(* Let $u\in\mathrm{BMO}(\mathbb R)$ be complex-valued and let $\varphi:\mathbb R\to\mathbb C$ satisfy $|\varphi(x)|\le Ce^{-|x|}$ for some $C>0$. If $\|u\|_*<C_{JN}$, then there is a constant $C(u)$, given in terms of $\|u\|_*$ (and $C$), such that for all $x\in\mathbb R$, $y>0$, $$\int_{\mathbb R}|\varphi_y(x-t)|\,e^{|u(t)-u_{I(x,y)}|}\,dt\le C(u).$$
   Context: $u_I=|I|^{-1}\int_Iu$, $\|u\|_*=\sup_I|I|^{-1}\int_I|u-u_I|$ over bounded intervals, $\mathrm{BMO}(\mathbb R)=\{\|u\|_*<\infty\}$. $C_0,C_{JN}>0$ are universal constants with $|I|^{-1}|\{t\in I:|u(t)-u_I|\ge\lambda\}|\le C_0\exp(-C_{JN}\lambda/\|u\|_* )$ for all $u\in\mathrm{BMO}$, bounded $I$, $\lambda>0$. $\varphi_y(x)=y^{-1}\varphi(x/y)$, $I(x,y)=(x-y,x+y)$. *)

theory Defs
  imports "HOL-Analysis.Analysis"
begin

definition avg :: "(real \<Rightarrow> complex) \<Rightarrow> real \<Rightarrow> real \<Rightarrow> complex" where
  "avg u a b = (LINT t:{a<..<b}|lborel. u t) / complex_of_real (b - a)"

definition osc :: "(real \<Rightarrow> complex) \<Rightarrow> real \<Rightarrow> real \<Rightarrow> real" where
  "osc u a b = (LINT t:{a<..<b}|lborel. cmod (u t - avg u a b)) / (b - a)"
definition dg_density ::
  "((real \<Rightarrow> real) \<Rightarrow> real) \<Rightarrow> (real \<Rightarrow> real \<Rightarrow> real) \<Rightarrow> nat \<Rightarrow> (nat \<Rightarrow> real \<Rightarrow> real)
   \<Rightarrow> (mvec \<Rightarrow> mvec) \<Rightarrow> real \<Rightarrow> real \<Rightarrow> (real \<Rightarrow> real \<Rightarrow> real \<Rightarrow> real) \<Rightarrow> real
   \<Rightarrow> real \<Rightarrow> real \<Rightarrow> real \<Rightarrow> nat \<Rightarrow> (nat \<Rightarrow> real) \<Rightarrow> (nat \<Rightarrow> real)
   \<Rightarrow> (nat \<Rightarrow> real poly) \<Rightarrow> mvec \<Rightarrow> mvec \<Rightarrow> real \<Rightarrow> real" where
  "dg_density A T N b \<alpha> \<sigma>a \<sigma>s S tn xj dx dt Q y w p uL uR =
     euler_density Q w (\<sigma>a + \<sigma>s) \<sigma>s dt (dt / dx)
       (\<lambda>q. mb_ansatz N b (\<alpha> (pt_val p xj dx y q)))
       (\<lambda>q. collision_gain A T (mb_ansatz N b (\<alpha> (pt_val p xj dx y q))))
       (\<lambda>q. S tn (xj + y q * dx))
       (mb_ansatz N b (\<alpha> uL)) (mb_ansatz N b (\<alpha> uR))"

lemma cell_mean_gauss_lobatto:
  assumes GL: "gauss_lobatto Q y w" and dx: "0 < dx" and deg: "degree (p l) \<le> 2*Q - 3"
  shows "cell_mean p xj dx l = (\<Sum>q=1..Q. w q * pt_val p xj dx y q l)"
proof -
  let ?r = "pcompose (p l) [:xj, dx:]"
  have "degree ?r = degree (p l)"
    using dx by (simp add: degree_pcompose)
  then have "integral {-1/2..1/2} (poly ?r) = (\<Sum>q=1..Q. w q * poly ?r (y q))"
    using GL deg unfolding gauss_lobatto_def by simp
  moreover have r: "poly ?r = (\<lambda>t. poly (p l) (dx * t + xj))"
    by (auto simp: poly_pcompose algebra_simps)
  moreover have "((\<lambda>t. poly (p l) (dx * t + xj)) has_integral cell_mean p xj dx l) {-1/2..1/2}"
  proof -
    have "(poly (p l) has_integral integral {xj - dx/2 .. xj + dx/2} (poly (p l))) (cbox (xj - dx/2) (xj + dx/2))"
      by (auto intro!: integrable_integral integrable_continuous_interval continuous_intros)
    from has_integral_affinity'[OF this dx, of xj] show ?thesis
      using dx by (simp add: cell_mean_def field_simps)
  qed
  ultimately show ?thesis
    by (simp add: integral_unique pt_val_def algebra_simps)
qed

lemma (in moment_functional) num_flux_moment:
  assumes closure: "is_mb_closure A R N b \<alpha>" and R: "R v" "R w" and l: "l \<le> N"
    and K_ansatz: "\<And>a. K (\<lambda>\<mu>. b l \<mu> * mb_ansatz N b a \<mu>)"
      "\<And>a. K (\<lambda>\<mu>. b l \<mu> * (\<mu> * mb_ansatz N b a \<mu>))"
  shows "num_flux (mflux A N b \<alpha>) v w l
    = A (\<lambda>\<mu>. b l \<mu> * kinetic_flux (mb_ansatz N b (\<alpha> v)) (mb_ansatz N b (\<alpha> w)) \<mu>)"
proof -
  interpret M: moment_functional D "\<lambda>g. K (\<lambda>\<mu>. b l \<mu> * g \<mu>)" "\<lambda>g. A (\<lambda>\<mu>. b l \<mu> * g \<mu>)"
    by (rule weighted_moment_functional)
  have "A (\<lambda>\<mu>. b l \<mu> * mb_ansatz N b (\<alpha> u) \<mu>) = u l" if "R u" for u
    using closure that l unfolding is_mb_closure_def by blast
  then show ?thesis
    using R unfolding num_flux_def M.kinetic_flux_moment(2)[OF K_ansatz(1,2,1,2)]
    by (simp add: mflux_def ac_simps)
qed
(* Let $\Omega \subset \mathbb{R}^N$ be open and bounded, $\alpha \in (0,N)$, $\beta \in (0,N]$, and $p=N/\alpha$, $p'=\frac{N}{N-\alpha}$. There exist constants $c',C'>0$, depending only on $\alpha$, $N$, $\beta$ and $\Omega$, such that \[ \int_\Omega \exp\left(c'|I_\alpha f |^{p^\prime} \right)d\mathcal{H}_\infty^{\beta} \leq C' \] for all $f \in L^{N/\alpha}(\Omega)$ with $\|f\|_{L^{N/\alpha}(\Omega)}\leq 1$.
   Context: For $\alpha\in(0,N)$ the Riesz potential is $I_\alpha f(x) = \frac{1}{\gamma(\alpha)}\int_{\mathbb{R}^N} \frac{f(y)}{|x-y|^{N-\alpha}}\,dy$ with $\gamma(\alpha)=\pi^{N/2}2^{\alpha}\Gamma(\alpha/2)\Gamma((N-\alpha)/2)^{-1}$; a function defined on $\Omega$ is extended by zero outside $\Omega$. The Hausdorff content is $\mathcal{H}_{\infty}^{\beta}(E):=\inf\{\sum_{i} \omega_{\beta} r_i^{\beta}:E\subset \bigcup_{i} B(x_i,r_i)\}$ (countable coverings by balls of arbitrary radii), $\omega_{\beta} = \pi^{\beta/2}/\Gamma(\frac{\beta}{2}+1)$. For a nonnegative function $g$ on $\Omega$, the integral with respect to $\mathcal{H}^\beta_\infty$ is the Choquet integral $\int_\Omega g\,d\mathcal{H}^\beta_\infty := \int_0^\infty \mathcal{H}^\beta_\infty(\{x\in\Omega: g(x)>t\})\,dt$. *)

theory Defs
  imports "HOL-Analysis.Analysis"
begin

——————

**Task prompt:**
Only lines with the string "bounded" are wanted; please find each one in the listing and copy it.

**Exercise solution:**
   Context: $u_I=|I|^{-1}\int_Iu$, $\|u\|_*=\sup_I|I|^{-1}\int_I|u-u_I|$ over bounded intervals, $\mathrm{BMO}(\mathbb R)=\{\|u\|_*<\infty\}$. $C_0,C_{JN}>0$ are universal constants with $|I|^{-1}|\{t\in I:|u(t)-u_I|\ge\lambda\}|\le C_0\exp(-C_{JN}\lambda/\|u\|_* )$ for all $u\in\mathrm{BMO}$, bounded $I$, $\lambda>0$. $\varphi_y(x)=y^{-1}\varphi(x/y)$, $I(x,y)=(x-y,x+y)$. *)
(* Let $\Omega \subset \mathbb{R}^N$ be open and bounded, $\alpha \in (0,N)$, $\beta \in (0,N]$, and $p=N/\alpha$, $p'=\frac{N}{N-\alpha}$. There exist constants $c',C'>0$, depending only on $\alpha$, $N$, $\beta$ and $\Omega$, such that \[ \int_\Omega \exp\left(c'|I_\alpha f |^{p^\prime} \right)d\mathcal{H}_\infty^{\beta} \leq C' \] for all $f \in L^{N/\alpha}(\Omega)$ with $\|f\|_{L^{N/\alpha}(\Omega)}\leq 1$.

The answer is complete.